**AIM OF THE TASK**
From the top of the records below, return each line exactly, ending with the line that contains "using assms(2) \<open>\<not>".

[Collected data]
lemma finite_beta_set_above:
  assumes "is_partition la"
  shows "finite {b \<in> beta_set t la. M \<le> b}"
proof -
  obtain X where X: "\<forall>x\<ge>X. la x = 0" using is_partition_eventually_zero[OF assms] by blast
  have "{b \<in> beta_set t la. M \<le> b} \<subseteq> {b \<in> beta_set t la. min M (t - int X) \<le> b}" by auto
  then show ?thesis by (rule finite_subset) (simp add: beta_set_above_eq[OF X])
qed

text \<open>The beads on positions \<open>\<ge> t - X\<close> are among the first \<open>X\<close>, so they cannot fill
  the \<open>X + 1\<close> positions \<open>t - X, \<dots>, t\<close>.\<close>
lemma beta_set_cutoff_le_charge:
  assumes "is_partition la" "\<forall>z<M. z \<in> beta_set t la"
  shows "M \<le> t"
proof (rule ccontr)
  assume "\<not> M \<le> t"
  obtain X where X: "\<forall>x\<ge>X. la x = 0" using is_partition_eventually_zero[OF assms(1)] by blast
  have "{t - int X..t} \<subseteq> {b \<in> beta_set t la. t - int X \<le> b}"
    using assms(2) \<open>\<not> M \<le> t\<close> by auto
  also have "\<dots> = bead t la ` {..<X}" using beta_set_above_eq[OF X] by simp
  finally have "card {t - int X..t} \<le> card (bead t la ` {..<X})"
    by (rule card_mono[rotated]) simp
  also have "\<dots> \<le> X" using card_image_le[of "{..<X}" "bead t la"] by simp
  finally show False by simp
qed

lemma sum_above_shift:
  fixes g :: "int \<Rightarrow> 'a::comm_monoid_add"
  assumes "\<forall>z<M. z \<in> U" "M' \<le> M" "finite {b \<in> U. M \<le> b}"
  shows "(\<Sum>b\<in>{b \<in> U. M' \<le> b}. g b) = (\<Sum>b\<in>{b \<in> U. M \<le> b}. g b) + (\<Sum>b\<in>{M'..<M}. g b)"
proof -
  have "{b \<in> U. M' \<le> b} = {b \<in> U. M \<le> b} \<union> {M'..<M}" using assms by auto
  then show ?thesis by (simp only:) (rule sum.union_disjoint, use assms in auto)
qed

lemma sum_int_interval_split:
  fixes l m u :: int
  assumes "l \<le> m" "m \<le> u"
  shows "(\<Sum>b\<in>{l..<u}. g b) = (\<Sum>b\<in>{l..<m}. g b) + (\<Sum>b\<in>{m..<u}. g b)"
  using assms by (simp add: sum.union_disjoint[symmetric] ivl_disj_un)

lemma sum_beta_set_above:
  fixes g :: "int \<Rightarrow> 'a::comm_monoid_add"
  assumes "is_partition la" "\<forall>x\<ge>X. la x = 0" "M \<le> t - int X"
  shows "(\<Sum>b\<in>{b \<in> beta_set t la. M \<le> b}. g b)
       = (\<Sum>b\<in>{M..<t - int X}. g b) + (\<Sum>x<X. g (bead t la x))"
proof -
  have "bead t la ` {..<X} \<inter> {M..<t - int X} = {}" by (auto simp: bead_def)
  moreover have "(\<Sum>b\<in>bead t la ` {..<X}. g b) = (\<Sum>x<X. g (bead t la x))"
    using inj_on_subset[OF inj_bead[OF assms(1)]] by (simp add: sum.reindex)
  ultimately show ?thesis
    by (simp add: beta_set_above_eq[OF assms(2,3)] sum.union_disjoint add.commute)
qed

lemma sum_int_interval_below:
  fixes t :: int
  shows "(\<Sum>b\<in>{t - int X..<t}. g b) = (\<Sum>x<X. g (t - int x - 1))"
proof -
  have "{t - int X..<t} = (\<lambda>x. t - int x - 1) ` {..<X}"
  proof (intro equalityI subsetI)
    fix b assume "b \<in> {t - int X..<t}"
    then have "b = t - int (nat (t - 1 - b)) - 1" "nat (t - 1 - b) < X" by auto
    then show "b \<in> (\<lambda>x. t - int x - 1) ` {..<X}" by blast
  qed auto
  then show ?thesis by (simp add: sum.reindex inj_on_def)
qed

**SOLUTION FOR THIS TASK**
lemma finite_beta_set_above:
  assumes "is_partition la"
  shows "finite {b \<in> beta_set t la. M \<le> b}"
proof -
  obtain X where X: "\<forall>x\<ge>X. la x = 0" using is_partition_eventually_zero[OF assms] by blast
  have "{b \<in> beta_set t la. M \<le> b} \<subseteq> {b \<in> beta_set t la. min M (t - int X) \<le> b}" by auto
  then show ?thesis by (rule finite_subset) (simp add: beta_set_above_eq[OF X])
qed

text \<open>The beads on positions \<open>\<ge> t - X\<close> are among the first \<open>X\<close>, so they cannot fill
  the \<open>X + 1\<close> positions \<open>t - X, \<dots>, t\<close>.\<close>
lemma beta_set_cutoff_le_charge:
  assumes "is_partition la" "\<forall>z<M. z \<in> beta_set t la"
  shows "M \<le> t"
proof (rule ccontr)
  assume "\<not> M \<le> t"
  obtain X where X: "\<forall>x\<ge>X. la x = 0" using is_partition_eventually_zero[OF assms(1)] by blast
  have "{t - int X..t} \<subseteq> {b \<in> beta_set t la. t - int X \<le> b}"
    using assms(2) \<open>\<not> M \<le> t\<close> by auto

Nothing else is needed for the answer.